On the 30th anniversary of bus deregulation, campaigners are calling on MPs to ‘take control of our buses’ by opposing the government ban on new public bus companies. Here in North Tyneside Alan Campbell MP, Mary Glindon MP and elected Mayor Norma Redfearn have joined the campaign.
The government wants the Bus Services Bill currently being debated to include Clause 21 which would stop English local authorities from setting up new municipal companies. The clause was defeated in the House of Lords but has been introduced again in the Commons.
The Transport Act 1985 was implemented on October 26th, 1986. Since deregulation, fares have risen well above inflation and many routes have been cut.

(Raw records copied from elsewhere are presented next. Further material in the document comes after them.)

lemma ev_in_P_decompose:
  assumes u: "ev u \<in> P"
  obtains q s where "u = min_poly_P * q + Polynomial.smult (int p) s"
proof -
  have g0: "min_poly_P \<noteq> 0" using min_poly_P(2) by auto
  obtain q r where qr: "pseudo_divmod u min_poly_P = (q, r)" by (cases "pseudo_divmod u min_poly_P")
  have u_eq: "u = min_poly_P * q + r" using pseudo_divmod(1)[OF g0 qr] min_poly_P(2) by simp
  have "ev r \<in> P"
    using ev_diff_in_P[OF u ev_mult_in_P[OF min_poly_P(1)], of q] u_eq by (simp add: algebra_simps)
  have all: "\<forall>i. int p dvd coeff r i"
  proof (rule ccontr)
    assume "\<not> (\<forall>i. int p dvd coeff r i)"
    then obtain h where h: "ev h \<in> P" "lead_coeff h = 1" "degree h \<le> degree r"
      using monic_poly_in_P[OF \<open>ev r \<in> P\<close>] by blast
    have "r \<noteq> 0" using \<open>\<not> (\<forall>i. _)\<close> by auto
    hence "degree r < degree min_poly_P" using pseudo_divmod(2)[OF g0 qr] by simp
    thus False using min_poly_P(3)[OF h(1,2)] h(3) by simp
  qed
  have "r = Polynomial.smult (int p) (map_poly (\<lambda>x. x div int p) r)"
    by (rule poly_eqI) (use all in \<open>auto simp: coeff_map_poly\<close>)
  thus thesis using that u_eq by metis
qed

Alan Campbell MP said "It's absurd that after 30 years of the failures of private bus companies, the government is ruling out new public ownership of buses. It's time to take control of our buses and run them for people not profit. All councils should be not just allowed but encouraged to follow the lead of the public ownership success stories in Nottingham and Reading. I’d also like to thank the Tyne and Wear Public Transport Group who have worked so hard to keep this issue in the public eye.”
While buses are privatised in most towns and cities across the UK, there are 12 local authority-owned bus companies, for example in Edinburgh, Nottingham and Blackpool. In 4 of the last 5 years, local authority run buses have won Bus Operator of the Year at the Bus Awards.

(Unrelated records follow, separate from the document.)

text \<open>
  The partial sums S 0 < S 1 < ... are the points of a Poisson process of rate l, and if n is the
  first index with S n > 1, then X = P n = S 0 * ... * S (n - 1). Conditioning on the last jump and
  applying Fubini, induction on n shows that on the event P (n + 1) <= y the variable S n has density
  l^(n+1) * exp (- l * u) * K n u y, where K n u y is the volume of
  {0 < s_0 < ... < s_(n-1) < u | s_0 * ... * s_(n-1) * u <= y}; these volumes satisfy
  K (n + 1) v y = (integral of K n u (y / v) over 0 < u <= v).
  Integrating out the jump across 1 gives
  P(first crossing at n, X <= t) = l^n * exp (- l) * K n 1 t = P(N = n) * t * (sum of (- ln t)^j / j! over j < n),
  which is P(N = n) * P(N* < n); summing over n proves the theorem.
\<close>

text \<open>The function K of the proof sketch: the volume of
  {0 < s_0 < ... < s_(n-1) < u | s_0 * ... * s_(n-1) * u <= y}. The product constraint is vacuous
  exactly when u^(n+1) <= y.\<close>

definition simplex_prod_vol :: "nat \<Rightarrow> real \<Rightarrow> real \<Rightarrow> real" where
  "simplex_prod_vol n u y = (if u ^ (n+1) \<le> y then u ^ n / fact n
     else (y / u) / fact n * (\<Sum>j<n. ((real n + 1) * ln u - ln y) ^ j / fact j))"

lemma simplex_prod_vol_nonneg:
  assumes "0 < u" "0 < y" shows "0 \<le> simplex_prod_vol n u y"
proof (cases "u ^ (n+1) \<le> y")
  case False
  then have "ln y < ln (u ^ (n+1))" using assms by simp
  also have "ln (u ^ (n+1)) = (real n + 1) * ln u"
    using ln_realpow[of u "n+1"] assms by (simp add: add.commute)
  finally have "ln y < (real n + 1) * ln u" .
  then have "0 \<le> (\<Sum>j<n. ((real n + 1) * ln u - ln y) ^ j / fact j)"
    by (intro sum_nonneg) auto
  then show ?thesis using False assms by (simp add: simplex_prod_vol_def)
qed (use assms in \<open>simp add: simplex_prod_vol_def\<close>)

lemma measurable_simplex_prod_vol [measurable]: "(\<lambda>u. simplex_prod_vol n u y) \<in> borel_measurable borel"
  unfolding simplex_prod_vol_def by measurable

lemma nn_integral_power_over_fact:
  fixes a :: real assumes "0 \<le> a"
  shows "(\<integral>\<^sup>+u. ennreal (u ^ n / fact n) * indicator {0..a} u \<partial>lborel) = ennreal (a ^ (n+1) / fact (n+1))"
proof -
  have "((\<lambda>u. u ^ (n+1) / fact (n+1)) has_real_derivative x ^ n / fact n) (at x)" for x :: real
  proof -
    have "((\<lambda>u. u ^ (n+1) / fact (n+1)) has_real_derivative (real (n+1) * x ^ n) / fact (n+1)) (at x)"
      using DERIV_pow[of "n+1" x] by (intro DERIV_cdivide) simp
    moreover have "(real (n+1) * x ^ n) / fact (n+1) = x ^ n / fact n"
      by (simp del: of_nat_Suc add: field_simps)
    ultimately show ?thesis by simp
  qed
  then have "(\<integral>\<^sup>+u. ennreal (u ^ n / fact n) * indicator {0..a} u \<partial>lborel)
      = ennreal (a ^ (n+1) / fact (n+1) - 0 ^ (n+1) / fact (n+1))"
    using assms by (intro nn_integral_FTC_Icc) auto
  then show ?thesis by simp
qed

lemma has_real_derivative_ln_power:
  fixes a b x :: real
  assumes "0 < a" "0 < x"
  shows "((\<lambda>x. (a * ln x - b) ^ Suc j / (a * fact (Suc j)))
          has_real_derivative (a * ln x - b) ^ j / (x * fact j)) (at x)"
proof -
  have "((\<lambda>x. (a * ln x - b) ^ Suc j / (a * fact (Suc j)))
          has_real_derivative ((1 + real j) * (a / x * (a * ln x - b) ^ j)) / (a * fact (Suc j))) (at x)"
  proof (intro DERIV_cdivide DERIV_power_Suc)
    show "((\<lambda>x. a * ln x - b) has_real_derivative a / x) (at x)"
      using assms by (auto intro!: derivative_eq_intros)
  qed
  moreover have "((1 + real j) * (a / x * (a * ln x - b) ^ j)) / (a * fact (Suc j))
      = (a * ln x - b) ^ j / (x * fact j)"
  proof -
    have fact_Suc_j: "fact (Suc j) = (1 + real j) * (fact j :: real)" by simp
    have "a \<noteq> 0" "1 + real j \<noteq> 0" "x \<noteq> 0" "(fact j :: real) \<noteq> 0" using assms by auto
    then show ?thesis unfolding fact_Suc_j by (simp only: field_simps) simp
  qed
  ultimately show ?thesis by simp
qed

lemma nn_integral_ln_power_sum:
  fixes a b c v :: real
  assumes "0 < a" "0 < c" "c \<le> v" "a * ln c = b"
  shows "(\<integral>\<^sup>+u. ennreal ((\<Sum>j<n. (a * ln u - b) ^ j / fact j) / u) * indicator {c..v} u \<partial>lborel)
    = ennreal (\<Sum>j<n. (a * ln v - b) ^ Suc j / (a * fact (Suc j)))"
proof -
  define F where "F x = (\<Sum>j<n. (a * ln x - b) ^ Suc j / (a * fact (Suc j)))" for x
  have "(\<integral>\<^sup>+u. ennreal ((\<Sum>j<n. (a * ln u - b) ^ j / fact j) / u) * indicator {c..v} u \<partial>lborel)
      = ennreal (F v - F c)"
  proof (rule nn_integral_FTC_Icc)
    fix x assume x: "x \<in> {c..v}"
    then have "0 < x" using assms by auto
    have "(F has_real_derivative (\<Sum>j<n. (a * ln x - b) ^ j / (x * fact j))) (at x)"
      unfolding F_def[abs_def]
      by (intro DERIV_sum has_real_derivative_ln_power \<open>0 < a\<close> \<open>0 < x\<close>)
    moreover have "(\<Sum>j<n. (a * ln x - b) ^ j / (x * fact j)) = (\<Sum>j<n. (a * ln x - b) ^ j / fact j) / x"
      by (simp add: sum_divide_distrib ac_simps)
    ultimately show "(F has_real_derivative (\<Sum>j<n. (a * ln x - b) ^ j / fact j) / x) (at x)"
      by simp
    have "b \<le> a * ln x" using assms x \<open>0 < x\<close> by auto
    then show "0 \<le> (\<Sum>j<n. (a * ln x - b) ^ j / fact j) / x"
      using \<open>0 < x\<close> by (auto intro!: sum_nonneg divide_nonneg_nonneg)
  qed (use assms in auto)
  moreover have "F c = 0" using assms by (simp add: F_def)
  ultimately show ?thesis by (simp add: F_def)
qed

lemma nn_integral_simplex_prod_vol_unconstrained:
  assumes "0 < v" "v ^ (n+1) \<le> w"
  shows "(\<integral>\<^sup>+u. ennreal (simplex_prod_vol n u w) * indicator {0<..v} u \<partial>lborel)
    = ennreal (v ^ (n+1) / fact (n+1))"
proof -
  have "AE u in lborel. ennreal (simplex_prod_vol n u w) * indicator {0<..v} u
      = ennreal (u ^ n / fact n) * indicator {0..v} u"
    using AE_lborel_singleton[of 0]
  proof eventually_elim
    case (elim u)
    show ?case
    proof (cases "0 < u \<and> u \<le> v")
      case True
      then have "u ^ (n+1) \<le> w" using assms power_mono[of u v "n+1"] by linarith
      then show ?thesis using True by (simp add: simplex_prod_vol_def del: power_Suc)
    qed (use elim in \<open>auto simp: indicator_def\<close>)
  qed
  then have "(\<integral>\<^sup>+u. ennreal (simplex_prod_vol n u w) * indicator {0<..v} u \<partial>lborel)
      = (\<integral>\<^sup>+u. ennreal (u ^ n / fact n) * indicator {0..v} u \<partial>lborel)"
    by (rule nn_integral_cong_AE)
  then show ?thesis using nn_integral_power_over_fact[of v n] assms by simp
qed

lemma simplex_prod_vol_eq_root:
  assumes "0 < u" "0 < w"
  shows "simplex_prod_vol n u w = (if u \<le> root (n+1) w then u ^ n / fact n
    else w / fact n * ((\<Sum>j<n. ((real n + 1) * ln u - ln w) ^ j / fact j) / u))"
proof -
  have "u \<le> root (n+1) w \<longleftrightarrow> root (n+1) (u ^ (n+1)) \<le> root (n+1) w"
    using real_root_power_cancel[of "n+1" u] assms by simp
  also have "\<dots> \<longleftrightarrow> u ^ (n+1) \<le> w" by (rule real_root_le_iff) simp
  finally show ?thesis by (simp add: simplex_prod_vol_def del: power_Suc)
qed

lemma AE_simplex_prod_vol_split:
  fixes n :: nat and w v c :: real
  defines "c \<equiv> root (Suc n) w"
  assumes "0 < w" "c < v"
  shows "AE u in lborel. ennreal (simplex_prod_vol n u w) * indicator {0<..v} u
    = ennreal (u ^ n / fact n) * indicator {0..c} u
      + ennreal (w / fact n) * (ennreal ((\<Sum>j<n. ((real n + 1) * ln u - ln w) ^ j / fact j) / u)
          * indicator {c..v} u)"
  using AE_lborel_singleton[of 0] AE_lborel_singleton[of c]
proof eventually_elim
  case (elim u)
  have "0 < c" using assms by (simp add: c_def)
  consider "u < 0" | "0 < u" "u < c" | "c < u" "u \<le> v" | "v < u" using elim by linarith
  then show ?case
  proof cases
    case 2
    then show ?thesis using assms by (simp add: simplex_prod_vol_eq_root indicator_def)
  next
    case 3
    then have "0 < u" using \<open>0 < c\<close> by linarith
    then have vol_eq: "simplex_prod_vol n u w
        = w / fact n * ((\<Sum>j<n. ((real n + 1) * ln u - ln w) ^ j / fact j) / u)"
      using 3 assms by (simp add: simplex_prod_vol_eq_root)
    have "ennreal (simplex_prod_vol n u w)
        = ennreal (w / fact n) * ennreal ((\<Sum>j<n. ((real n + 1) * ln u - ln w) ^ j / fact j) / u)"
      unfolding vol_eq by (rule ennreal_mult') (use assms in simp)
    then show ?thesis using 3 \<open>0 < c\<close> by (simp add: indicator_def)
  qed (use \<open>c < v\<close> \<open>0 < c\<close> in \<open>auto simp: indicator_def\<close>)
qed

Research from Transport for Quality of Life suggests we could save £506 million a year from buses outside London by bringing them into public ownership.
Elected Mayor Norma Redfearn said “I’ve recently written to Lord Ahmad at the Department for Transport to signal North Tyneside Council’s opposition to Clause 21. One of the biggest issues facing residents in North Tyneside is the lack of decent bus services. It should be about passengers not profit.”
Polling shows that 57% of the British public think local authorities should be allowed to set up new public bus companies – as opposed to 22% who don’t believe they should have this power. Amongst Conservatives, the majority still oppose Clause 21. Over four times as many people want more public ownership of buses than want more private ownership (46% to 11%). 26% want to see no change.